This patch set introduces a lot of code, much of which duplicates
existing tunnel devices, whether FOU using ipip tunnels and
fou_build_header or separate devices like vxlan and geneve. Let's try
to reuse what's there (and tested).

How does this differ from foo-over-udp (FOU). In supporting MPLS
alongside IP? If so, can it reuse the existing code, possibly with
patches to that existing tunnel logic?

I happened to have been playing around with MPLS in GRE recently. Have
not tried the same over UDP tunnels, but most of it should apply?

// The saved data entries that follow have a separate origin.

lemma finite_Ics [simp]: "finite (Ics k n)"
proof -
  let ?ext = "\<lambda>f K. if K < 2^k then f K else id"
  have "Ics k n \<subseteq> ?ext ` (PiE {..<2^k} (\<lambda>_. Perms n))"
  proof
    fix E assume E: "E \<in> Ics k n"
    then have "E = ?ext (restrict E {..<2^k})" "restrict E {..<2^k} \<in> PiE {..<2^k} (\<lambda>_. Perms n)"
      by (auto simp: Ics_def Perms_def fun_eq_iff)
    then show "E \<in> ?ext ` (PiE {..<2^k} (\<lambda>_. Perms n))" by blast
  qed
  moreover have "finite (PiE {..<(2::nat)^k} (\<lambda>_. Perms n))" by (rule finite_PiE) auto
  ultimately show ?thesis using finite_subset by blast
qed

lemma card_Ics_pos: "card (Ics k n) > 0"
proof -
  have "(\<lambda>_. id) \<in> Ics k n" by (simp add: Ics_def)
  then show ?thesis by (auto simp: card_gt_0_iff)
qed

lemma card_Perms_pos: "card (Perms n) > 0"
proof -
  have "id \<in> Perms n" by (simp add: Perms_def)
  then show ?thesis by (auto simp: card_gt_0_iff)
qed

section \<open>Norms of states and the hybrid argument\<close>

lemma valid_eq: "valid k n = {..<(2::nat)^k} \<times> {..<(2::nat)^n} \<times> {..<(2::nat)^n} \<times> (UNIV::'w set)"
  by (auto simp: valid_def)

lemma finite_valid [simp]: "finite (valid k n :: ('w::finite) basis set)"
  unfolding valid_eq by simp

definition qnorm :: "nat \<Rightarrow> nat \<Rightarrow> ('w::finite) qstate \<Rightarrow> real" where
  "qnorm k n \<psi> = L2_set (\<lambda>b. cmod (\<psi> b)) (valid k n)"

lemma qnorm_nonneg: "0 \<le> qnorm k n \<psi>"
  by (simp add: qnorm_def)

lemma qnorm_square: "(qnorm k n \<psi>)^2 = (\<Sum>b\<in>valid k n. (cmod (\<psi> b))^2)"
  by (simp add: qnorm_def L2_set_def sum_nonneg)

lemma qnorm_zero: "qnorm k n (\<lambda>b. 0) = 0"
  by (simp add: qnorm_def L2_set_def)

lemma qnorm_triangle: "qnorm k n (\<lambda>b. \<psi> b + \<phi> b) \<le> qnorm k n \<psi> + qnorm k n \<phi>"
proof -
  have "qnorm k n (\<lambda>b. \<psi> b + \<phi> b) \<le> L2_set (\<lambda>b. cmod (\<psi> b) + cmod (\<phi> b)) (valid k n)"
    unfolding qnorm_def by (rule L2_set_mono) (auto simp: norm_triangle_ineq)
  also have "\<dots> \<le> qnorm k n \<psi> + qnorm k n \<phi>"
    unfolding qnorm_def by (rule L2_set_triangle_ineq)
  finally show ?thesis .
qed

lemma qnorm_init_state: "qnorm k n (init_state w0 :: ('w::finite) qstate) = 1"
proof -
  have "(0, 0, 0, w0) \<in> valid k n" by (simp add: valid_def)
  then have "(\<Sum>b\<in>valid k n. (cmod (init_state w0 b))^2) = 1"
    by (simp add: init_state_def if_distrib[of "\<lambda>z. (cmod z)^2"] cong: if_cong)
  then show ?thesis unfolding qnorm_def L2_set_def by simp
qed

lemma qnorm_apply_mat:
  fixes U :: "('w::finite) basis \<Rightarrow> 'w basis \<Rightarrow> complex"
  assumes "is_unitary k n U"
  shows "qnorm k n (apply_mat k n U \<psi>) = qnorm k n \<psi>"
proof -
  let ?V = "valid k n :: 'w basis set"
  have columns: "(\<Sum>b\<in>?V. cnj (U b a) * U b a') = (if a = a' then 1 else 0)"
    if "a \<in> ?V" "a' \<in> ?V" for a a'
    using assms that unfolding is_unitary_def by blast
  have "(\<Sum>b\<in>?V. (\<Sum>b'\<in>?V. U b b' * \<psi> b') * cnj (\<Sum>b''\<in>?V. U b b'' * \<psi> b''))
      = (\<Sum>b\<in>?V. \<Sum>b''\<in>?V. \<Sum>b'\<in>?V. \<psi> b' * cnj (\<psi> b'') * (cnj (U b b'') * U b b'))"
    by (simp add: sum_distrib_left sum_distrib_right algebra_simps)
  also have "\<dots> = (\<Sum>b'\<in>?V. \<Sum>b''\<in>?V. \<psi> b' * cnj (\<psi> b'') * (\<Sum>b\<in>?V. cnj (U b b'') * U b b'))"
    by (subst sum.swap, subst (2) sum.swap, subst sum.swap) (simp add: sum_distrib_left)
  also have "\<dots> = (\<Sum>b'\<in>?V. \<psi> b' * cnj (\<psi> b'))"
    by (simp add: columns if_distrib cong: if_cong)
  finally have "complex_of_real (\<Sum>b\<in>?V. (cmod (apply_mat k n U \<psi> b))^2)
      = complex_of_real (\<Sum>b\<in>?V. (cmod (\<psi> b))^2)"
    unfolding of_real_sum complex_norm_square apply_mat_def by simp
  then show ?thesis
    unfolding qnorm_def L2_set_def of_real_eq_iff by simp
qed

  ip tunnel add gre1 mode gre local 192.168.1.1 remote 192.168.1.2 dev eth0
  ip addr add 192.168.101.1 peer 192.168.101.2 dev gre1
  ip link set dev gre1 up

  sysctl net.mpls.conf.gre1.input=1
  sysctl net.mpls.platform_labels=17
  ip addr add 192.168.201.1/24 dev gre1
  ip route add 192.168.202.0/24 encap mpls 17 dev gre1
  ip -f mpls route add 16 dev lo


> +static int bareudp_udp_encap_recv(struct sock *sk, struct sk_buff *skb)
> +{
> +       struct bareudp_sock *bs;
> +       struct ethhdr *eh;
> +       struct bareudp_dev *bareudp;
> +       struct metadata_dst *tun_dst = NULL;
> +       struct pcpu_sw_netstats *stats;
> +       unsigned int len;
> +       int err = 0;
> +       void *oiph;
> +       u16 proto;
> +
> +       if (unlikely(!pskb_may_pull(skb, BAREUDP_BASE_HLEN)))
> +               goto drop;
> +
> +       bs = rcu_dereference_sk_user_data(sk);
> +       if (!bs)
> +               goto drop;
> +
> +       bareudp = bs->bareudp;
> +       proto = bareudp->ethertype;
> +
> +       if (iptunnel_pull_header(skb, BAREUDP_BASE_HLEN,
> +                                proto,
> +                                !net_eq(bareudp->net,
> +                                        dev_net(bareudp->dev)))) {
> +               bareudp->dev->stats.rx_dropped++;
> +               goto drop;
> +       }
> +       tun_dst = udp_tun_rx_dst(skb, bareudp_get_sk_family(bs), TUNNEL_KEY,
> +                                0, 0);
> +       if (!tun_dst) {
> +               bareudp->dev->stats.rx_dropped++;
> +               goto drop;
> +       }
> +       skb_dst_set(skb, &tun_dst->dst);

Is this dst metadata a firm requirement? It is optional in vxlan, say.
If here, too, please split such parts off into separate follow-on
patches.


> +       skb_push(skb, sizeof(struct ethhdr));
> +       eh = (struct ethhdr *)skb->data;
> +       eh->h_proto = proto;
> +
> +       skb_reset_mac_header(skb);
> +       skb->protocol = eth_type_trans(skb, bareudp->dev);
> +       skb_postpull_rcsum(skb, eth_hdr(skb), ETH_HLEN);
> +       oiph = skb_network_header(skb);
> +       skb_reset_network_header(skb);
> +
> +       if (bareudp_get_sk_family(bs) == AF_INET)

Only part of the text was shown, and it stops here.